▶ Data for this exercise
(* Let $n\geq 3$ and, for $1\leq i\leq\lfloor n/2\rfloor$, let $G_i$ be the graph obtained from $K_n$ by deleting $i$ pairwise disjoint edges (equivalently, by successively deleting $i$ edges each joining two saturated vertices). Let $g:A\to B$ be a constant function with value $w\in B$, and let $F_{G_i}$ be the corresponding functigraph of $G_i$. Then: (i) if $1\leq i\leq\lfloor n/2\rfloor-1$, then $fix(F_{G_i})=2n-2i-3$; (ii) if $n$ is even and $i=n/2$, then $fix(F_{G_i})=n-1$; (iii) if $n$ is odd and $i=\lfloor n/2\rfloor$, then $fix(F_{G_i})=2\lfloor n/2\rfloor$ when $w$ is the unique saturated vertex of $G_2$ (the copy of $G_i$ on $B$), and $fix(F_{G_i})=2\lfloor n/2\rfloor-1$ otherwise.
   Context: A vertex of a graph is saturated if it is adjacent to all other vertices. A set $S\subseteq V(H)$ is a fixing set of a graph $H$ if the only automorphism of $H$ fixing every vertex of $S$ is the identity; $fix(H)$ is the minimum cardinality of a fixing set of $H$. Functigraph: let $G_1,G_2$ be disjoint copies of a connected graph $G$, with $A=V(G_1)$, $B=V(G_2)$, and let $g:A\to B$ be a function. The functigraph $F_G$ has vertex set $A\cup B$ and edge set $E(G_1)\cup E(G_2)\cup\{ug(u):u\in A\}$. *)

theory Defs
  imports Main
begin

text \<open>A graph is given by a finite vertex set V and a symmetric irreflexive
adjacency relation E (only its restriction to V matters).\<close>

definition saturated :: "'a set \<Rightarrow> ('a \<Rightarrow> 'a \<Rightarrow> bool) \<Rightarrow> 'a \<Rightarrow> bool" where
  "saturated V E v \<longleftrightarrow> v \<in> V \<and> (\<forall>u\<in>V. u \<noteq> v \<longrightarrow> E v u)"

definition is_aut :: "'a set \<Rightarrow> ('a \<Rightarrow> 'a \<Rightarrow> bool) \<Rightarrow> ('a \<Rightarrow> 'a) \<Rightarrow> bool" where
  "is_aut V E f \<longleftrightarrow> bij_betw f V V \<and> (\<forall>u\<in>V. \<forall>v\<in>V. E u v \<longleftrightarrow> E (f u) (f v))"

definition fixing_set :: "'a set \<Rightarrow> ('a \<Rightarrow> 'a \<Rightarrow> bool) \<Rightarrow> 'a set \<Rightarrow> bool" where
  "fixing_set V E S \<longleftrightarrow> S \<subseteq> V \<and>
     (\<forall>f. is_aut V E f \<and> (\<forall>s\<in>S. f s = s) \<longrightarrow> (\<forall>v\<in>V. f v = v))"

definition fix_num :: "'a set \<Rightarrow> ('a \<Rightarrow> 'a \<Rightarrow> bool) \<Rightarrow> nat" where
  "fix_num V E = (LEAST k. \<exists>S. fixing_set V E S \<and> card S = k)"

text \<open>Functigraph: A = Inl ` V (copy G1), B = Inr ` V (copy G2), g : V \<Rightarrow> V
  encodes the function A \<rightarrow> B via Inl u \<mapsto> Inr (g u).\<close>

definition functigraph_V :: "'a set \<Rightarrow> ('a + 'a) set" where
  "functigraph_V V = Inl ` V \<union> Inr ` V"

fun functigraph_E :: "('a \<Rightarrow> 'a \<Rightarrow> bool) \<Rightarrow> ('a \<Rightarrow> 'a) \<Rightarrow> ('a + 'a) \<Rightarrow> ('a + 'a) \<Rightarrow> bool" where
  "functigraph_E E g (Inl u) (Inl v) = E u v"
| "functigraph_E E g (Inr u) (Inr v) = E u v"
| "functigraph_E E g (Inl u) (Inr v) = (v = g u)"
| "functigraph_E E g (Inr v) (Inl u) = (v = g u)"

text \<open>K_n on {0..<n} minus a set M of edges.\<close>

definition Kn_minus :: "nat set set \<Rightarrow> nat \<Rightarrow> nat \<Rightarrow> bool" where
  "Kn_minus M u v \<longleftrightarrow> u \<noteq> v \<and> {u, v} \<notin> M"

definition matching_in_Kn :: "nat \<Rightarrow> nat set set \<Rightarrow> bool" where
  "matching_in_Kn n M \<longleftrightarrow> (\<forall>e\<in>M. e \<subseteq> {0..<n} \<and> card e = 2) \<and>
     (\<forall>e\<in>M. \<forall>e'\<in>M. e \<noteq> e' \<longrightarrow> e \<inter> e' = {})"

end

theory Submission
  imports Defs "HOL-Combinatorics.Transposition"
begin

text \<open>
  Write \<open>G = K\<^sub>n - M\<close>, \<open>F\<close> for its functigraph with constant value \<open>w\<close>, and call
  the vertices outside \<open>\<Union>M\<close> saturated. The vertex \<open>Inr w\<close> is the only vertex of \<open>F\<close>
  of degree greater than \<open>n\<close>, so every automorphism fixes it; since \<open>G\<close> has diameter at
  most 2, an automorphism cannot move any vertex of the first copy into the second one. Hence the
  automorphisms of \<open>F\<close> are exactly the pairs \<open>(\<phi>, \<psi>)\<close> of automorphisms of \<open>G\<close> with
  \<open>\<psi> w = w\<close>, acting on the two copies.

  In \<open>G\<close> the two ends of a deleted edge are twins, as are any two saturated vertices, so a fixing
  set must meet every deleted edge and contain all saturated vertices but one; conversely every
  such set fixes \<open>G\<close>. On the second copy the same holds for the edges avoiding \<open>w\<close> and the
  saturated vertices other than \<open>w\<close>, as \<open>w\<close> is fixed anyway. Hence
  \<open>fix(F) = (|M| + s - 1) + (|M\<^sub>w| + s\<^sub>w - 1)\<close> with truncated subtraction, which with
  \<open>|M| = i\<close> and \<open>s = n - 2i\<close> gives the three cases.
\<close>

section \<open>Automorphisms, twins and fixing sets\<close>

definition twins :: "'a set \<Rightarrow> ('a \<Rightarrow> 'a \<Rightarrow> bool) \<Rightarrow> 'a \<Rightarrow> 'a \<Rightarrow> bool" where
  "twins V E a b \<longleftrightarrow> (\<forall>x\<in>V. x \<noteq> a \<longrightarrow> x \<noteq> b \<longrightarrow> E a x = E b x)"

definition neighbours :: "'a set \<Rightarrow> ('a \<Rightarrow> 'a \<Rightarrow> bool) \<Rightarrow> 'a \<Rightarrow> 'a set" where
  "neighbours V E x = {y \<in> V. E x y}"

lemma is_aut_transpose_twins:
  assumes "a \<in> V" "b \<in> V" "twins V E a b"
    and sym: "\<And>x y. E x y = E y x" and irrefl: "\<And>x. \<not> E x x"
  shows "is_aut V E (transpose a b)"
  unfolding is_aut_def
proof (intro conjI ballI)
  show "bij_betw (transpose a b) V V" using assms(1,2) by simp
  fix u v assume "u \<in> V" "v \<in> V"
  have "E x y \<longleftrightarrow> E (transpose a b x) y" if "x \<in> V" "y \<in> V" "y \<noteq> a" "y \<noteq> b" for x y
    using assms(3) that unfolding twins_def transpose_def by auto
  then show "E u v \<longleftrightarrow> E (transpose a b u) (transpose a b v)"
    using \<open>u \<in> V\<close> \<open>v \<in> V\<close> sym irrefl unfolding transpose_def by (smt (verit))
qed

lemma fixing_set_twins:
  assumes "fixing_set V E S" "a \<in> V" "b \<in> V" "a \<noteq> b" "twins V E a b"
    and "\<And>x y. E x y = E y x" "\<And>x. \<not> E x x"
  shows "a \<in> S \<or> b \<in> S"
proof (rule ccontr)
  assume "\<not> (a \<in> S \<or> b \<in> S)"
  then have "\<forall>s\<in>S. transpose a b s = s" by (auto simp: transpose_def)
  with assms is_aut_transpose_twins[of a V b E] have "\<forall>v\<in>V. transpose a b v = v"
    unfolding fixing_set_def by blast
  with assms(2,4) show False by auto
qed

lemma is_aut_inj_on: "is_aut V E f \<Longrightarrow> inj_on f V"
  unfolding is_aut_def by (blast intro: bij_betw_imp_inj_on)

lemma is_aut_in: "is_aut V E f \<Longrightarrow> x \<in> V \<Longrightarrow> f x \<in> V"
  unfolding is_aut_def using bij_betwE by blast

lemma neighbours_is_aut:
  assumes f: "is_aut V E f" and x: "x \<in> V"
  shows "neighbours V E (f x) = f ` neighbours V E x"
proof -
  have "f ` V = V" and adj: "\<forall>u\<in>V. \<forall>v\<in>V. E u v \<longleftrightarrow> E (f u) (f v)"
    using f unfolding is_aut_def bij_betw_def by auto
  have "{y \<in> f ` V. E (f x) y} = f ` {y \<in> V. E x y}"
    using x adj by blast
  with \<open>f ` V = V\<close> show ?thesis unfolding neighbours_def by simp
qed

lemma card_neighbours_is_aut:
  assumes "is_aut V E f" "x \<in> V"
  shows "card (neighbours V E (f x)) = card (neighbours V E x)"
  unfolding neighbours_is_aut[OF assms]
  by (rule card_image, rule inj_on_subset[OF is_aut_inj_on[OF assms(1)]]) (auto simp: neighbours_def)

lemma is_aut_induced:
  assumes f: "is_aut W F f" and "finite V"
    and h: "inj_on h V" "h ` V \<subseteq> W" and adj: "\<And>u v. u \<in> V \<Longrightarrow> v \<in> V \<Longrightarrow> F (h u) (h v) = E u v"
    and \<phi>: "\<And>u. u \<in> V \<Longrightarrow> \<phi> u \<in> V \<and> f (h u) = h (\<phi> u)"
  shows "is_aut V E \<phi>"
  unfolding is_aut_def
proof (intro conjI ballI)
  have "inj_on \<phi> V"
  proof (rule inj_onI)
    fix u v assume uv: "u \<in> V" "v \<in> V" "\<phi> u = \<phi> v"
    then have "f (h u) = f (h v)" using \<phi> by metis
    then have "h u = h v" using inj_onD[OF is_aut_inj_on[OF f]] h(2) uv(1,2) by blast
    then show "u = v" using inj_onD[OF h(1)] uv(1,2) by blast
  qed
  moreover have "\<phi> ` V = V" using endo_inj_surj[OF \<open>finite V\<close> _ \<open>inj_on \<phi> V\<close>] \<phi> by blast
  ultimately show "bij_betw \<phi> V V" by (simp add: bij_betw_def)
  fix u v assume "u \<in> V" "v \<in> V"
  then have "h u \<in> W" "h v \<in> W" using h(2) by auto
  then have "E u v = F (f (h u)) (f (h v))"
    using f adj[OF \<open>u \<in> V\<close> \<open>v \<in> V\<close>] unfolding is_aut_def by simp
  also have "\<dots> = E (\<phi> u) (\<phi> v)" using \<phi> adj \<open>u \<in> V\<close> \<open>v \<in> V\<close> by simp
  finally show "E u v \<longleftrightarrow> E (\<phi> u) (\<phi> v)" .
qed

▶ Exercise
In the records above, find each line holding "fixes" and copy it.

▶ Exercise result
  of degree greater than \<open>n\<close>, so every automorphism fixes it; since \<open>G\<close> has diameter at
  such set fixes \<open>G\<close>. On the second copy the same holds for the edges avoiding \<open>w\<close> and the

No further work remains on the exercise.